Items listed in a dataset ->
::::

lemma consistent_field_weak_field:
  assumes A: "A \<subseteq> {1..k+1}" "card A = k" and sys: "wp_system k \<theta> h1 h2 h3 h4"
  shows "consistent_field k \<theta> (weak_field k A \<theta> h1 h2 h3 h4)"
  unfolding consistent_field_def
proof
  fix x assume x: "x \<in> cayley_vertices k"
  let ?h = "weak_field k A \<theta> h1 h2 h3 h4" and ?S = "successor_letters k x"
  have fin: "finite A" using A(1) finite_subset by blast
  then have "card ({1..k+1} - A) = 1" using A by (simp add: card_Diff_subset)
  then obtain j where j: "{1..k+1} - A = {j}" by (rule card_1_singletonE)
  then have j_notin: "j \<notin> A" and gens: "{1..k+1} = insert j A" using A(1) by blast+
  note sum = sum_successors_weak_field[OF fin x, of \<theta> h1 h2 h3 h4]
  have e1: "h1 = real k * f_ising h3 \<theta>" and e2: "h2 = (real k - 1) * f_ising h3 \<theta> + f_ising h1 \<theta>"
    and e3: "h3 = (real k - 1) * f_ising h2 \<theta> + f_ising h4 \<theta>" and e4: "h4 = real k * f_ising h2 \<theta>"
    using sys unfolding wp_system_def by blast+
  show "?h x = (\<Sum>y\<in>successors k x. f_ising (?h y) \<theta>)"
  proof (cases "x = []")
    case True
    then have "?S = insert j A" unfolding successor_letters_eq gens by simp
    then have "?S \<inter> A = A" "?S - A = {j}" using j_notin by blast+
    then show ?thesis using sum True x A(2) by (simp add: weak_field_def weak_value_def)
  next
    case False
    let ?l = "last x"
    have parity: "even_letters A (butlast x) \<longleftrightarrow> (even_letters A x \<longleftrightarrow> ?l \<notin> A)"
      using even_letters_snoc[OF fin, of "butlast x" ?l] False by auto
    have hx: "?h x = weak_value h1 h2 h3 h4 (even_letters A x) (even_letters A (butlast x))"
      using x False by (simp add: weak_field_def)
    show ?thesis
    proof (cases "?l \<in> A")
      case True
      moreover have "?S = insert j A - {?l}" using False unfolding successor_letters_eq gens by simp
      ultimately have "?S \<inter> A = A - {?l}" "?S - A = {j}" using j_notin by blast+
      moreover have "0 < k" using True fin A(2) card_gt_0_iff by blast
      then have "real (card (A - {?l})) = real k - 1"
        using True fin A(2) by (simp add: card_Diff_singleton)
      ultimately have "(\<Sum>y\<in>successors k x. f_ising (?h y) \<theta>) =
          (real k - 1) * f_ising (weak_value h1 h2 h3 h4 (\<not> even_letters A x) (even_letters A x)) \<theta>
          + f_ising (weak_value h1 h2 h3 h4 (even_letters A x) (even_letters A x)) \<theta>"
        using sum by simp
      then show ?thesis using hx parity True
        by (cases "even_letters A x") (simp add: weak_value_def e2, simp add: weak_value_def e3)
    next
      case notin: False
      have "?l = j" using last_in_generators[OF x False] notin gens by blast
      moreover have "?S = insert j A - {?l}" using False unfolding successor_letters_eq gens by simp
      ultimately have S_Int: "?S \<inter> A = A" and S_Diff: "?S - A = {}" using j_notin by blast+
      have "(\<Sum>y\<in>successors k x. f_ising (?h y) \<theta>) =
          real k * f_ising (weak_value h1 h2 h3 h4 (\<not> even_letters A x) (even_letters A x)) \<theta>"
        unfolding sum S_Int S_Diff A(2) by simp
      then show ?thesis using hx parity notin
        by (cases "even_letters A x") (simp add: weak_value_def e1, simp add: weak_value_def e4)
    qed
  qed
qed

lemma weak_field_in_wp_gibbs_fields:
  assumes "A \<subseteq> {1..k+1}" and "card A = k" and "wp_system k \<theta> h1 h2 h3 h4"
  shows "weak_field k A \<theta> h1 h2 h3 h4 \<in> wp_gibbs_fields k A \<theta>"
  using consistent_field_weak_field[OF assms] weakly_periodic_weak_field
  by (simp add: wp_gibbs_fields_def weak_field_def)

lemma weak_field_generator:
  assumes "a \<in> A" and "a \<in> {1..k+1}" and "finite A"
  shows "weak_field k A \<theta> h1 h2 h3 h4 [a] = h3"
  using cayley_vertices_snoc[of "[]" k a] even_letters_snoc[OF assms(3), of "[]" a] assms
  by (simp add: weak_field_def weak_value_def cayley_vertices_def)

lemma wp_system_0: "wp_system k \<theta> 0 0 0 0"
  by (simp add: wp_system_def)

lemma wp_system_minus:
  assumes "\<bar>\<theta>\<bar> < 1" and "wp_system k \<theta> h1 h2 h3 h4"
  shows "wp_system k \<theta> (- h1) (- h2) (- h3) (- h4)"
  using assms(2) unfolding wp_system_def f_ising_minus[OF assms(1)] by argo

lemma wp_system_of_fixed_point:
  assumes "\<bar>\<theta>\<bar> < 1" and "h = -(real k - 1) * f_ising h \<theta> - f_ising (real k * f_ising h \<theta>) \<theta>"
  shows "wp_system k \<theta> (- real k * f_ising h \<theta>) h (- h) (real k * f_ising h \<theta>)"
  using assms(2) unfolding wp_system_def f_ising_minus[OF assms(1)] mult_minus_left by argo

::::

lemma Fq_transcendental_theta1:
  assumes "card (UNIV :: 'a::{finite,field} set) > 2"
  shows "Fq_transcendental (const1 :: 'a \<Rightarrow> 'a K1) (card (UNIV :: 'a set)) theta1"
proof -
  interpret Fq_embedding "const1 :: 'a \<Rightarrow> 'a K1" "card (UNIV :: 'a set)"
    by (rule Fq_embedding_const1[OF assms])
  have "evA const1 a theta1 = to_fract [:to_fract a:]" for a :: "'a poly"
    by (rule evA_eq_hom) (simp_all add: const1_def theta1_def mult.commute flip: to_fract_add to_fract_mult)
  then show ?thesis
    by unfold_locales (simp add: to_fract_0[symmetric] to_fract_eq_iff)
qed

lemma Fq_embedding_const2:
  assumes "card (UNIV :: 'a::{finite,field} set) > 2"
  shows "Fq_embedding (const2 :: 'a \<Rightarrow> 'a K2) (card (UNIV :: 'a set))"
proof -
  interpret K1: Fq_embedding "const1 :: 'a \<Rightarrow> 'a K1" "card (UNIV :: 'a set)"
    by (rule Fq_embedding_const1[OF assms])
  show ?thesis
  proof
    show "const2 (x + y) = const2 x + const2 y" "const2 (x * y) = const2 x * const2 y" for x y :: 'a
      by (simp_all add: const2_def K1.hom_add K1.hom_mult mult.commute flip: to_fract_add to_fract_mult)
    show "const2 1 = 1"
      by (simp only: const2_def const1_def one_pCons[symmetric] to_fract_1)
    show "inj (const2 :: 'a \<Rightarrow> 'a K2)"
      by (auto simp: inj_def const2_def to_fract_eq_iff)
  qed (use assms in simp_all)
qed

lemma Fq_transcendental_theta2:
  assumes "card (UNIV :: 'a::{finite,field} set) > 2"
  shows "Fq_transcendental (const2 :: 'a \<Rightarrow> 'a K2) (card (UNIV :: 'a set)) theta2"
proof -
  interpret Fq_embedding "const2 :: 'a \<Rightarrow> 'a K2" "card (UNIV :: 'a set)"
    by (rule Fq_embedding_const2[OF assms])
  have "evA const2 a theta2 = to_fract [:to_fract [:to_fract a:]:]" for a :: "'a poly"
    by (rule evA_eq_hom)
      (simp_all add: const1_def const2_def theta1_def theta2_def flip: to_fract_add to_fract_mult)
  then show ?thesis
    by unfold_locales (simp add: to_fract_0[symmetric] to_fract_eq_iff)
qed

::::

Instructions for the task -> In the data above, find the line with "const1 a theta1" and the line with "by (rule Fq_embedding_const2[OF assms])". Retype both, plus every line between them, exactly.

Solution to the problem ->
  have "evA const1 a theta1 = to_fract [:to_fract a:]" for a :: "'a poly"
    by (rule evA_eq_hom) (simp_all add: const1_def theta1_def mult.commute flip: to_fract_add to_fract_mult)
  then show ?thesis
    by unfold_locales (simp add: to_fract_0[symmetric] to_fract_eq_iff)
qed

lemma Fq_embedding_const2:
  assumes "card (UNIV :: 'a::{finite,field} set) > 2"
  shows "Fq_embedding (const2 :: 'a \<Rightarrow> 'a K2) (card (UNIV :: 'a set))"
proof -
  interpret K1: Fq_embedding "const1 :: 'a \<Rightarrow> 'a K1" "card (UNIV :: 'a set)"
    by (rule Fq_embedding_const1[OF assms])
  show ?thesis
  proof
    show "const2 (x + y) = const2 x + const2 y" "const2 (x * y) = const2 x * const2 y" for x y :: 'a
      by (simp_all add: const2_def K1.hom_add K1.hom_mult mult.commute flip: to_fract_add to_fract_mult)
    show "const2 1 = 1"
      by (simp only: const2_def const1_def one_pCons[symmetric] to_fract_1)
    show "inj (const2 :: 'a \<Rightarrow> 'a K2)"
      by (auto simp: inj_def const2_def to_fract_eq_iff)
  qed (use assms in simp_all)
qed

lemma Fq_transcendental_theta2:
  assumes "card (UNIV :: 'a::{finite,field} set) > 2"
  shows "Fq_transcendental (const2 :: 'a \<Rightarrow> 'a K2) (card (UNIV :: 'a set)) theta2"
proof -
  interpret Fq_embedding "const2 :: 'a \<Rightarrow> 'a K2" "card (UNIV :: 'a set)"
    by (rule Fq_embedding_const2[OF assms])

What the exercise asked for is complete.